How to spark a master for cloud computing big data?

Source: Internet
Author: User
Keywords Cloud

Spark is a cluster computing platform originating from the Amplab of the University of California, Berkeley, which is based on memory computing and has more performance than Hadoop, and is a rare all-around player, starting with multiple iterations, eclectic data warehousing, streaming, and graph computing paradigms. Spark uses a unified technology stack to solve the cloud computing large data stream processing, graph technology, machine learning, NoSQL query and other aspects of all the core issues, with a perfect ecosystem, which directly laid its unified cloud computing large data field hegemony.

Along with the popularization and popularization of spark technology, the demand for professional talents is increasing. Spark professionals in the future is also hot, easy to get millions of pay. and want to become spark master, also need a recruit one type, from the internal strength: Generally speaking, need to go through the following stages:

First stage: Proficiency in Scala language

The spark framework is written in a Scala language, refined and elegant. To become a spark master, you have to read Spark source code, you must master Scala;

While the spark can be developed using multi-language Java, Python, and so on, the fastest and most supported development APIs remain and will always be Scala's API, so you have to master Scala to write complex and high-performance spark distributed programs;

In particular, be proficient in Scala's trait, apply, functional programming, generics, inverter and covariance;

Phase II: Proficiency in the Spark platform itself is provided to the developer API

Master the development mode of RDD in Spark, master the use of various transformation and action functions;

To master the wide dependence and narrow dependence and lineage mechanism in spark;

Master the RDD computing process, such as Stage division, the basic process of spark application submission to the cluster and the working principle of the Worker Node Foundation

Phase III: Deep spark kernel

This phase is mainly through the spark framework of source study to drill down into the Spark kernel section:

Master Spark task submission process through source code;

Master the task scheduling of spark cluster by source code;

In particular, be proficient in the details of each step of the work within the Dagscheduler, TaskScheduler and worker nodes;

Class IV: Mastering the use of core frameworks based on spark

Spark, as the epitome of the cloud computing era, has significant advantages in real-time streaming, graph technology, machine learning, NoSQL query and so on, when we use Spark most of the time is in the use of its framework such as shark, Spark streaming, etc.:

Spark Streaming is a very excellent real-time flow processing framework to master its Dstream, transformation and checkpoint, etc.

Spark Off-line statistical analysis function, Spark 1.0.0 version in shark based on the introduction of Spark SQL, off-line statistical analysis of the function of the efficiency has significantly improved, need to focus on mastery;

To master the principle and usage of Spark machine learning and GRAPHX;

Class Five: A business-level spark project

Through a complete representative of the spark project to penetrate all aspects of the spark, including the project's architectural design, the use of technical analysis, development, operation and so on, complete grasp of each of these stages and details, so that you can calmly face the vast majority of spark projects.

Class VI: Offering SPARK solutions

Thoroughly grasp every detail of spark framework source code;

According to the needs of different business scenarios to provide spark in different scenarios under the solution;

According to the actual needs, two development of the spark framework is built, and the spark frame is created.

The first and second phases of the six stages that have been described as spark Masters can be progressively completed by self-study, the next three stages are best made by a master or expert guide to step by step, the last stage, basically is to "no recruit wins a recruit" period, a lot of things to be accomplished by heart.

Related Article

Contact Us

The content source of this page is from Internet, which doesn't represent Alibaba Cloud's opinion; products and services mentioned on that page don't have any relationship with Alibaba Cloud.
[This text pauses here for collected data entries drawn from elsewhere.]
lemma measurable_on_subset:
  fixes f :: "'a::euclidean_space \<Rightarrow> 'b::real_normed_vector"
  assumes f: "f measurable_on S" and "T \<subseteq> S" and T: "T \<in> sets lebesgue"
  shows "f measurable_on T"
proof -
  have "(\<lambda>x. if x \<in> S then f x else 0) measurable_on UNIV"
    using f measurable_on_UNIV by blast
  then have "(\<lambda>x. if x \<in> T then (if x \<in> S then f x else 0) else 0) measurable_on UNIV"
    by (rule measurable_on_restrict[OF _ T])
  moreover have "(\<lambda>x. if x \<in> T then (if x \<in> S then f x else 0) else 0) = (\<lambda>x. if x \<in> T then f x else 0)"
    using \<open>T \<subseteq> S\<close> by (auto simp: fun_eq_iff)
  ultimately show ?thesis
    using measurable_on_UNIV[of T f] by simp
qed

lemma has_vector_derivative_affine_comp:
  fixes x :: "real \<Rightarrow> 'a::real_normed_vector"
  assumes "(x has_vector_derivative v) (at (c * t + a))"
  shows "((\<lambda>s. x (c * s + a)) has_vector_derivative c *\<^sub>R v) (at t)"
proof -
  have "((\<lambda>s. c * s + a) has_vector_derivative c) (at t)"
    by (auto intro!: derivative_eq_intros simp flip: has_real_derivative_iff_has_vector_derivative)
  from vector_diff_chain_at[OF this assms] show ?thesis
    by (simp add: o_def)
qed

lemma norm_vector_derivative_affine_comp:
  fixes x :: "real \<Rightarrow> 'a::real_normed_vector"
  assumes c: "\<bar>c\<bar> = 1"
  shows "norm (vector_derivative (\<lambda>s. x (c * s + a)) (at t)) = norm (vector_derivative x (at (c * t + a)))"
proof (cases "\<exists>v. (x has_vector_derivative v) (at (c * t + a))")
  case True
  then obtain v where v: "(x has_vector_derivative v) (at (c * t + a))" ..
  have "vector_derivative (\<lambda>s. x (c * s + a)) (at t) = c *\<^sub>R v"
    by (rule vector_derivative_at[OF has_vector_derivative_affine_comp[OF v]])
  moreover have "vector_derivative x (at (c * t + a)) = v"
    by (rule vector_derivative_at[OF v])
  ultimately show ?thesis
    using c by simp
next
  case False
  have cc: "c * c = 1"
    using c abs_mult_self_eq[of c] by simp
  have inverse: "c * (c * s + - c * a) + a = s" "c * (c * s + a) + - c * a = s" for s
    by (simp_all add: right_diff_distrib distrib_left mult.assoc[symmetric] cc)
  have "\<nexists>w. ((\<lambda>s. x (c * s + a)) has_vector_derivative w) (at t)"
  proof
    assume "\<exists>w. ((\<lambda>s. x (c * s + a)) has_vector_derivative w) (at t)"
    then obtain w where "((\<lambda>s. x (c * s + a)) has_vector_derivative w) (at (c * (c * t + a) + - c * a))"
      by (auto simp only: inverse)
    from has_vector_derivative_affine_comp[OF this]
    have "(x has_vector_derivative c *\<^sub>R w) (at (c * t + a))"
      by (simp only: inverse)
    with False show False by blast
  qed
  then show ?thesis
    using False by (simp add: vector_derivative_not_differentiable)
qed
If the content of the page makes you feel confusing, please write us an email, we will handle the problem within 5 days after receiving your email.
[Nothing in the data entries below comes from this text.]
lemma semi_weakly_acceptance_tc_iff_Essinf_bound:
  "semi_weakly_acceptance_tc M F T p \<phi> \<longleftrightarrow> acceptance_Essinf_bound M F T p \<phi>"
proof
  assume tc: "semi_weakly_acceptance_tc M F T p \<phi>"
  show "acceptance_Essinf_bound M F T p \<phi>"
    unfolding acceptance_Essinf_bound_def
  proof (intro ballI allI impI)
    fix V t assume "V \<in> Vp M F T p" "t < T"
    with tc show "AE \<omega> in M. (if V t \<omega> \<ge> 0 then Essinf M (F t) (\<phi> (Suc t) V) \<omega> else -\<infinity>) \<le> \<phi> t V \<omega>"
      using measurable_dyn_LM[OF LM, of V "Suc t"] unfolding semi_weakly_acceptance_tc_def by auto
  qed
next
  assume bound: "acceptance_Essinf_bound M F T p \<phi>"
  show "semi_weakly_acceptance_tc M F T p \<phi>"
    unfolding semi_weakly_acceptance_tc_def
  proof (intro ballI allI impI)
    fix V t m assume V: "V \<in> Vp M F T p" and t: "t < T" and le: "AE \<omega> in M. m \<omega> \<le> \<phi> (Suc t) V \<omega>"
    have "AE \<omega> in M. Essinf M (F t) m \<omega> \<le> Essinf M (F t) (\<phi> (Suc t) V) \<omega>"
      using AE_Essinf_mono[OF finite subalgebra_filtration[OF filt], of t] le t by simp
    moreover have "AE \<omega> in M. (if V t \<omega> \<ge> 0 then Essinf M (F t) (\<phi> (Suc t) V) \<omega> else -\<infinity>) \<le> \<phi> t V \<omega>"
      using bound V t unfolding acceptance_Essinf_bound_def by auto
    ultimately show "AE \<omega> in M. (if V t \<omega> \<ge> 0 then Essinf M (F t) m \<omega> else -\<infinity>) \<le> \<phi> t V \<omega>"
      by eventually_elim (auto split: if_splits)
  qed
qed

lemma acceptance_Essinf_bound_iff_Ft_bound:
  "acceptance_Essinf_bound M F T p \<phi> \<longleftrightarrow> acceptance_Ft_bound M F T p \<phi>"
proof
  assume bound: "acceptance_Essinf_bound M F T p \<phi>"
  show "acceptance_Ft_bound M F T p \<phi>"
    unfolding acceptance_Ft_bound_def
  proof (intro ballI allI impI)
    fix V t m assume V: "V \<in> Vp M F T p" and t: "t < T" and m: "m \<in> borel_measurable (F t)"
      and nonneg: "AE \<omega> in M. 0 \<le> V t \<omega>" and le: "AE \<omega> in M. m \<omega> \<le> \<phi> (Suc t) V \<omega>"
    have "AE \<omega> in M. m \<omega> \<le> Essinf M (F t) (\<phi> (Suc t) V) \<omega>"
      using AE_le_Essinf[OF finite subalgebra_filtration[OF filt] m] le t by simp
    moreover have "AE \<omega> in M. (if V t \<omega> \<ge> 0 then Essinf M (F t) (\<phi> (Suc t) V) \<omega> else -\<infinity>) \<le> \<phi> t V \<omega>"
      using bound V t unfolding acceptance_Essinf_bound_def by auto
    ultimately show "AE \<omega> in M. m \<omega> \<le> \<phi> t V \<omega>"
      using nonneg by eventually_elim auto
  qed
next
  assume Ft: "acceptance_Ft_bound M F T p \<phi>"
  show "acceptance_Essinf_bound M F T p \<phi>"
    unfolding acceptance_Essinf_bound_def
  proof (intro ballI allI impI)
    fix V t assume V: "V \<in> Vp M F T p" and t: "t < T"
    have tT: "t \<le> T" using t by simp
    note sub = subalgebra_filtration[OF filt tT]
    define A where "A = {\<omega>\<in>space M. 0 \<le> V t \<omega>}"
    define W where "W = dot_t (indicator A) t V"
    define m where "m \<omega> = (if \<omega> \<in> A then Essinf M (F t) (\<phi> (Suc t) V) \<omega> else -\<infinity>)" for \<omega>
    have [measurable]: "V t \<in> borel_measurable (F t)" by (rule measurable_Vp[OF V tT])
    have "space (F t) = space M" using sub by (simp add: subalgebra_def)
    moreover have "{\<omega>\<in>space (F t). 0 \<le> V t \<omega>} \<in> sets (F t)" by measurable
    ultimately have A: "A \<in> sets (F t)" by (simp add: A_def)
    have W: "W \<in> Vp M F T p" unfolding W_def by (rule dot_t_indicator_in_Vp[OF filt tT A V])
    have m: "m \<in> borel_measurable (F t)"
      unfolding m_def by (rule measurable_If_set) (use A measurable_Essinf[OF finite sub] in auto)
    have "AE \<omega> in M. 0 \<le> W t \<omega>" by (auto simp: W_def dot_t_def A_def indicator_def)
    moreover have "AE \<omega> in M. m \<omega> \<le> \<phi> (Suc t) W \<omega>"
    proof -
      have "\<forall>\<omega>\<in>space M - A. V t \<omega> \<le> 0" by (auto simp: A_def)
      from dyn_LM_Suc_le_dot_t[OF filt LM t A V this] AE_Essinf_le[OF finite sub, of "\<phi> (Suc t) V"]
      show ?thesis by eventually_elim (auto simp: W_def m_def)
    qed
    ultimately have "AE \<omega> in M. m \<omega> \<le> \<phi> t W \<omega>"
      using Ft W t m unfolding acceptance_Ft_bound_def by blast
    moreover have "AE \<omega> in M. \<omega> \<in> A \<longrightarrow> \<phi> t V \<omega> = \<phi> t W \<omega>"
      unfolding W_def by (rule dyn_LM_local[OF LM tT A V])
    ultimately show "AE \<omega> in M. (if V t \<omega> \<ge> 0 then Essinf M (F t) (\<phi> (Suc t) V) \<omega> else -\<infinity>) \<le> \<phi> t V \<omega>"
      using AE_space by eventually_elim (auto simp: m_def A_def)
  qed
qed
If you find any instances of plagiarism from the community, please send an email to: info-contact@alibabacloud.com and provide relevant evidence. A staff member will contact you within 5 working days.

A Free Trial That Lets You Build Big!

Start building with 50+ products and up to 12 months usage for Elastic Compute Service

  • Sales Support

    1 on 1 presale consultation

  • After-Sales Support

    24/7 Technical Support 6 Free Tickets per Quarter Faster Response

  • Alibaba Cloud offers highly flexible support services tailored to meet your exact needs.